Sylvain’s expression remains the same, prompting Felix to elaborate. 

“If this much sorrow is the norm, one life is more than enough.” 

“If one’s feelings were more powerful than time,” Sylvain finishes his original thought. The fire casts long, black shadows across Felix’s face, angular but soft in the low light, like there’s still a youthfulness clinging to his cheeks and jaw.
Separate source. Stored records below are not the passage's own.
(* Let $n\ge1$, $d\ge1$, $m\ge1$ be integers and $p\in(0,1)$. For integers $d_1,d_2,k$ put $$P(n,d_1,d_2,k,p)=n^{d_2-k}\left(1-p^{d_2}-p^{d_1}+2p^{d_1+d_2-k}\right)^m.$$ Then $$\max_{d_1,d_2,k}P(n,d_1,d_2,k,p)=\max_{0\le w\le d-1}\max\{P(n,d,d,w,p),\,P(n,w,d,w,p)\}=\max_{0\le w\le d-1}\max\left\{n^{d-w}(1-2p^d+2p^{2d-w})^m,\ n^{d-w}(1+p^d-p^w)^m\right\},$$ where the maximum on the left is over all integers $d_1,d_2,k$ with $0\le d_1,d_2\le d$ and $0\le k\le\min(d_1,d_2)$, excluding the triples with $d_1=d_2=k$, and $w$ ranges over integers. *)

theory Defs
  imports Complex_Main
begin

definition Pfun :: "nat \<Rightarrow> nat \<Rightarrow> nat \<Rightarrow> nat \<Rightarrow> nat \<Rightarrow> real \<Rightarrow> real" where
  "Pfun m n d1 d2 k p = real n ^ (d2 - k) * (1 - p ^ d2 - p ^ d1 + 2 * p ^ (d1 + d2 - k)) ^ m"

end

theory Submission
  imports Defs
begin

text \<open>Put \<open>j = d2 - k\<close>. If \<open>j \<ge> 1\<close>, then with \<open>y = p^j\<close>, \<open>x = p^d1\<close>, \<open>a = p^k\<close> the base of
  \<open>P(n,d1,d2,k,p)\<close> is \<open>1 - a y - x + 2 x y\<close>, which is affine in \<open>x\<close> and decreasing in \<open>a\<close>.
  Moving \<open>x\<close> to the end of its range favoured by the sign of \<open>2y - 1\<close> and then lowering \<open>a\<close> to
  \<open>p^w\<close>, \<open>w = d - j\<close>, does not decrease it and yields \<open>P(n,d,d,w,p)\<close> or \<open>P(n,w,d,w,p)\<close>, which carry
  the same factor \<open>n^j\<close>. If \<open>j = 0\<close>, then \<open>k < d1\<close> and \<open>P = (1 - p^k + p^d1)^m\<close>, which is dominated
  by \<open>P(n,d-1,d,d-1,p) = n (1 + p^d - p^(d-1))^m\<close> because \<open>p^k - p^d1 \<ge> p^k (1 - p)\<close>.\<close>

lemma Max_eq_Max_of_dominating_subset:
  fixes S T :: "'a::linorder set"
  assumes "finite S" "T \<subseteq> S" "T \<noteq> {}" and dom: "\<And>x. x \<in> S \<Longrightarrow> \<exists>t\<in>T. x \<le> t"
  shows "Max S = Max T"
proof (rule antisym)
  have "finite T" using assms(1,2) by (rule finite_subset[rotated])
  show "Max S \<le> Max T"
  proof (rule Max.boundedI)
    fix x assume "x \<in> S"
    then obtain t where "t \<in> T" "x \<le> t" using dom by blast
    with \<open>finite T\<close> show "x \<le> Max T" by (meson Max_ge order_trans)
  qed (use assms in auto)
  show "Max T \<le> Max S" using Max_mono[OF assms(2,3,1)] .
qed

lemma Pfun_base_nonneg:
  fixes p :: real
  assumes "0 < p" "p < 1" "k \<le> min a b"
  shows "0 \<le> 1 - p ^ b - p ^ a + 2 * p ^ (a + b - k)"
proof -
  have "p ^ a * p ^ b \<le> p ^ (a + b - k)"
    unfolding power_add[symmetric] using assms by (intro power_decreasing) auto
  moreover have "0 \<le> (1 - p ^ a) * (1 - p ^ b)" "0 \<le> p ^ a * p ^ b"
    using assms by (simp_all add: power_le_one)
  ultimately show ?thesis by (simp add: algebra_simps)
qed

lemma Pfun_diagonal:
  assumes "w \<le> d"
  shows "Pfun m n d d w p = real n ^ (d - w) * (1 - 2 * p ^ d + 2 * p ^ (2 * d - w)) ^ m"
proof -
  have "d + d - w = 2 * d - w" "1 - p ^ d - p ^ d = 1 - 2 * p ^ d" by simp_all
  then show ?thesis by (simp only: Pfun_def)
qed

lemma Pfun_left_shifted:
  assumes "w \<le> d"
  shows "Pfun m n w d w p = real n ^ (d - w) * (1 + p ^ d - p ^ w) ^ m"
proof -
  have "w + d - w = d" "1 - p ^ d - p ^ w + 2 * p ^ d = 1 + p ^ d - p ^ w" by simp_all
  then show ?thesis by (simp only: Pfun_def)
qed

lemma affine_le_endpoint_values:
  fixes a x y z :: real
  assumes "0 \<le> y" "y \<le> 1" "0 \<le> z" "z \<le> a" "z * y \<le> x" "x \<le> a"
  shows "1 - a * y - x + 2 * x * y \<le> 1 - 2 * (z * y) + 2 * (z * y * y)
       \<or> 1 - a * y - x + 2 * x * y \<le> 1 - z * y - z + 2 * (z * y)"
proof (cases "2 * y \<le> 1")
  case True
  have "z * y * (1 - 2 * y) \<le> x * (1 - 2 * y)" "z * y \<le> a * y"
    using True assms by (auto intro: mult_right_mono)
  then show ?thesis by (simp add: algebra_simps)
next
  case False
  have "x * (2 * y - 1) \<le> a * (2 * y - 1)" "z * (1 - y) \<le> a * (1 - y)"
    using False assms by (auto intro: mult_right_mono)
  then show ?thesis by (simp add: algebra_simps)
qed

lemma Pfun_le_candidates_if_k_less_d2:
  fixes p :: real
  assumes "0 < p" "p < 1" "d1 \<le> d" "d2 \<le> d" "k \<le> min d1 d2" "k < d2"
  defines "w \<equiv> d - (d2 - k)"
  shows "Pfun m n d1 d2 k p \<le> Pfun m n d d w p \<or> Pfun m n d1 d2 k p \<le> Pfun m n w d w p"
proof -
  define j where "j = d2 - k"
  have d2_eq: "d2 = k + j" and d_eq: "d = w + j" and "k \<le> w" and "j = d - w"
    using assms unfolding w_def j_def by auto
  let ?a = "p ^ k" and ?x = "p ^ d1" and ?y = "p ^ j" and ?z = "p ^ w"
  have base: "1 - p ^ d2 - p ^ d1 + 2 * p ^ (d1 + d2 - k) = 1 - ?a * ?y - ?x + 2 * ?x * ?y"
    and base_dd: "1 - p ^ d - p ^ d + 2 * p ^ (d + d - w) = 1 - 2 * (?z * ?y) + 2 * (?z * ?y * ?y)"
    and base_wd: "1 - p ^ d - p ^ w + 2 * p ^ (w + d - w) = 1 - ?z * ?y - ?z + 2 * (?z * ?y)"
    unfolding d2_eq d_eq by (simp_all add: power_add algebra_simps)
  have "0 \<le> 1 - ?a * ?y - ?x + 2 * ?x * ?y"
    using Pfun_base_nonneg[OF assms(1,2,5)] base by simp
  then have mono: "real n ^ j * (1 - ?a * ?y - ?x + 2 * ?x * ?y) ^ m \<le> real n ^ j * v ^ m"
    if "1 - ?a * ?y - ?x + 2 * ?x * ?y \<le> v" for v
    using that by (intro mult_left_mono power_mono) auto
  have "?z * ?y \<le> ?x"
    unfolding power_add[symmetric] d_eq[symmetric] using assms by (intro power_decreasing) auto
  moreover have "?z \<le> ?a" "?x \<le> ?a" using assms \<open>k \<le> w\<close> by (auto intro: power_decreasing)
  ultimately have "1 - ?a * ?y - ?x + 2 * ?x * ?y \<le> 1 - 2 * (?z * ?y) + 2 * (?z * ?y * ?y)
       \<or> 1 - ?a * ?y - ?x + 2 * ?x * ?y \<le> 1 - ?z * ?y - ?z + 2 * (?z * ?y)"
    using assms by (intro affine_le_endpoint_values) (auto intro: power_le_one)
  then show ?thesis
    unfolding Pfun_def base base_dd base_wd j_def[symmetric] \<open>j = d - w\<close>[symmetric]
    using mono by blast
qed

lemma Pfun_le_candidate_if_k_eq_d2:
  fixes p :: real
  assumes "0 < p" "p < 1" "1 \<le> n" "k < d1" "d1 \<le> d"
  shows "Pfun m n d1 k k p \<le> Pfun m n (d - 1) d (d - 1) p"
proof -
  have "d = Suc (d - 1)" using assms by simp
  then have pd: "p ^ d = p * p ^ (d - 1)" by (metis power_Suc)
  have "p ^ d1 \<le> p ^ Suc k" "p ^ (d - 1) \<le> p ^ k"
    using assms by (intro power_decreasing; simp)+
  moreover have "(1 - p) * p ^ (d - 1) \<le> (1 - p) * p ^ k"
    using \<open>p ^ (d - 1) \<le> p ^ k\<close> assms by (intro mult_left_mono) auto
  ultimately have base_le: "1 - p ^ k + p ^ d1 \<le> 1 + p ^ d - p ^ (d - 1)"
    unfolding pd by (simp add: algebra_simps)
  have "0 \<le> 1 - p ^ k + p ^ d1" using assms by (simp add: power_le_one)
  have "d1 + k - k = d1" "1 - p ^ k - p ^ d1 + 2 * p ^ d1 = 1 - p ^ k + p ^ d1" by simp_all
  then have "Pfun m n d1 k k p = (1 - p ^ k + p ^ d1) ^ m" by (simp only: Pfun_def) simp
  also have "\<dots> \<le> 1 * (1 + p ^ d - p ^ (d - 1)) ^ m"
    using base_le \<open>0 \<le> 1 - p ^ k + p ^ d1\<close> by (simp add: power_mono)
  also have "\<dots> \<le> real n * (1 + p ^ d - p ^ (d - 1)) ^ m"
    using assms base_le \<open>0 \<le> 1 - p ^ k + p ^ d1\<close> by (intro mult_right_mono) auto
  also have "\<dots> = Pfun m n (d - 1) d (d - 1) p"
    using Pfun_left_shifted[of "d - 1" d m n p] \<open>d = Suc (d - 1)\<close> by simp
  finally show ?thesis .
qed

lemma Pfun_dominated_by_candidates:
  fixes p :: real
  assumes "0 < p" "p < 1" "1 \<le> n"
    and d: "d1 \<le> d" "d2 \<le> d" "k \<le> min d1 d2" "\<not> (d1 = d2 \<and> d2 = k)"
  shows "\<exists>t\<in>(\<lambda>w. max (Pfun m n d d w p) (Pfun m n w d w p)) ` {0..d-1}. Pfun m n d1 d2 k p \<le> t"
proof (cases "k < d2")
  case True
  then have "d - (d2 - k) \<in> {0..d-1}" using d by auto
  then show ?thesis
    using Pfun_le_candidates_if_k_less_d2[OF assms(1,2) d(1-3) True, of m n]
    by (intro bexI[OF _ imageI]) (auto simp: le_max_iff_disj)
next
  case False
  then have "k < d1" "d2 = k" using d by auto
  then show ?thesis
    using Pfun_le_candidate_if_k_eq_d2[OF assms(1-3) \<open>k < d1\<close> d(1), of m]
    by (intro bexI[OF _ imageI]) (auto simp: le_max_iff_disj)
qed

theorem lemma2:
  fixes n d m :: nat and p :: real
  assumes "n \<ge> 1" and "d \<ge> 1" and "m \<ge> 1" and "0 < p" and "p < 1"
  shows "Max {Pfun m n d1 d2 k p | d1 d2 k. d1 \<le> d \<and> d2 \<le> d \<and> k \<le> min d1 d2
                \<and> \<not> (d1 = d2 \<and> d2 = k)}
           = Max ((\<lambda>w. max (Pfun m n d d w p) (Pfun m n w d w p)) ` {0..d-1})
       \<and> Max ((\<lambda>w. max (Pfun m n d d w p) (Pfun m n w d w p)) ` {0..d-1})
           = Max ((\<lambda>w. max (real n ^ (d - w) * (1 - 2 * p ^ d + 2 * p ^ (2 * d - w)) ^ m)
                            (real n ^ (d - w) * (1 + p ^ d - p ^ w) ^ m)) ` {0..d-1})"
proof
  let ?S = "{Pfun m n d1 d2 k p | d1 d2 k. d1 \<le> d \<and> d2 \<le> d \<and> k \<le> min d1 d2
                \<and> \<not> (d1 = d2 \<and> d2 = k)}"
  let ?T = "(\<lambda>w. max (Pfun m n d d w p) (Pfun m n w d w p)) ` {0..d-1}"
  have "?S \<subseteq> (\<lambda>(d1, d2, k). Pfun m n d1 d2 k p) ` ({..d} \<times> {..d} \<times> {..d})"
    by (force simp: image_iff)
  then have "finite ?S" by (rule finite_subset) simp
  moreover have "?T \<subseteq> ?S"
  proof
    fix x assume "x \<in> ?T"
    then obtain w where "w \<in> {0..d-1}" and "x = max (Pfun m n d d w p) (Pfun m n w d w p)"
      by blast
    then have "w < d" "x \<in> {Pfun m n d d w p, Pfun m n w d w p}"
      using assms by (auto simp: max_def)
    then show "x \<in> ?S" by fastforce
  qed
  moreover have "\<exists>t\<in>?T. x \<le> t" if "x \<in> ?S" for x
    using that Pfun_dominated_by_candidates[OF assms(4,5,1)] by blast
  ultimately show "Max ?S = Max ?T" by (intro Max_eq_Max_of_dominating_subset) auto
next
  show "Max ((\<lambda>w. max (Pfun m n d d w p) (Pfun m n w d w p)) ` {0..d-1})
      = Max ((\<lambda>w. max (real n ^ (d - w) * (1 - 2 * p ^ d + 2 * p ^ (2 * d - w)) ^ m)
                       (real n ^ (d - w) * (1 + p ^ d - p ^ w) ^ m)) ` {0..d-1})"
    by (intro arg_cong[where f = Max] image_cong) (auto simp: Pfun_diagonal Pfun_left_shifted)
qed

end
He looks so alive and so withered and so beautiful all at once. 

“It’s not possible,” Felix insists, “What would possibly make someone want to do this again?”

“We’re not talking about possibilities, Felix, we’re talking about theoreticals.” 

“Sylvain,” Felix’s fingers curl around the back of his own neck, plays with the few loose strands of hair there, and finally drops to the floor where he had moved to sit, little fight left within him. 

Yes, he thinks, if he were to collapse upon the steps of the castle and feign illness, Dimitri would believe him without question. 

“Felix,” Sylvain echoes, “If one felt love so strongly, perhaps the suffering is less.”

“It’s dark,” Felix mutters. The portrait looks nothing like Sylvain; Felix would liken it to a blind person describing the town’s local skirt-chaser, “I’m going to bed.”

“Very well,” says Sylvain, and settles back into the chaise, “have the loveliest of dreams, Duke Fraldarius.”

Felix hovers a moment, but leaves before he says something he’ll regret. 

“Could you put out the fire?” 

Sylvain wags one finger in the direction of the hearth, drawing the flame back into his palm where it originated. In a few mere seconds, the fire is out. Felix’s movements are slow, uncoordinated, not embarrassingly drunk but it requires much focus and balance to make it up the staircase to his room, Sylvain watching him the entire time to ensure he makes it to his room safely. 

And yet, Sylvain’s feet betray him and follow Felix’s path until he’s standing in front of the door to his bedroom, an improvement from the first time they met and he was outside the front door. He knocks once, and Felix opens the doors with such vigor that he must have been waiting for Sylvain’s arrival. 

Most of his clothing is missing. His hair is down, waves of navy blue pooling in the dip of his collarbone. There’s an imprint of where the elastic held his hair up in its usual bun. 

“I...” Sylvain says dumbly. He didn’t plan this out. 

“Come in,” Felix says, not bothering to alter his voice to sound nonchalant. 

Sylvain steps forth, crossing the threshold. Felix does not move. Sylvain takes another step, the proximity between the two closing rapidly. One more, their chests almost touch. Felix lifts one hand, encloses it around Sylvain’s shoulder. He can hear each inhale, each exhale, each wave of his tongue. 

Felix’s face hovers centimeters from Sylvain’s. But his head ducks, locates itself elsewhere because the idea of kissing Sylvain, kissing a demon, still overwhelms him. 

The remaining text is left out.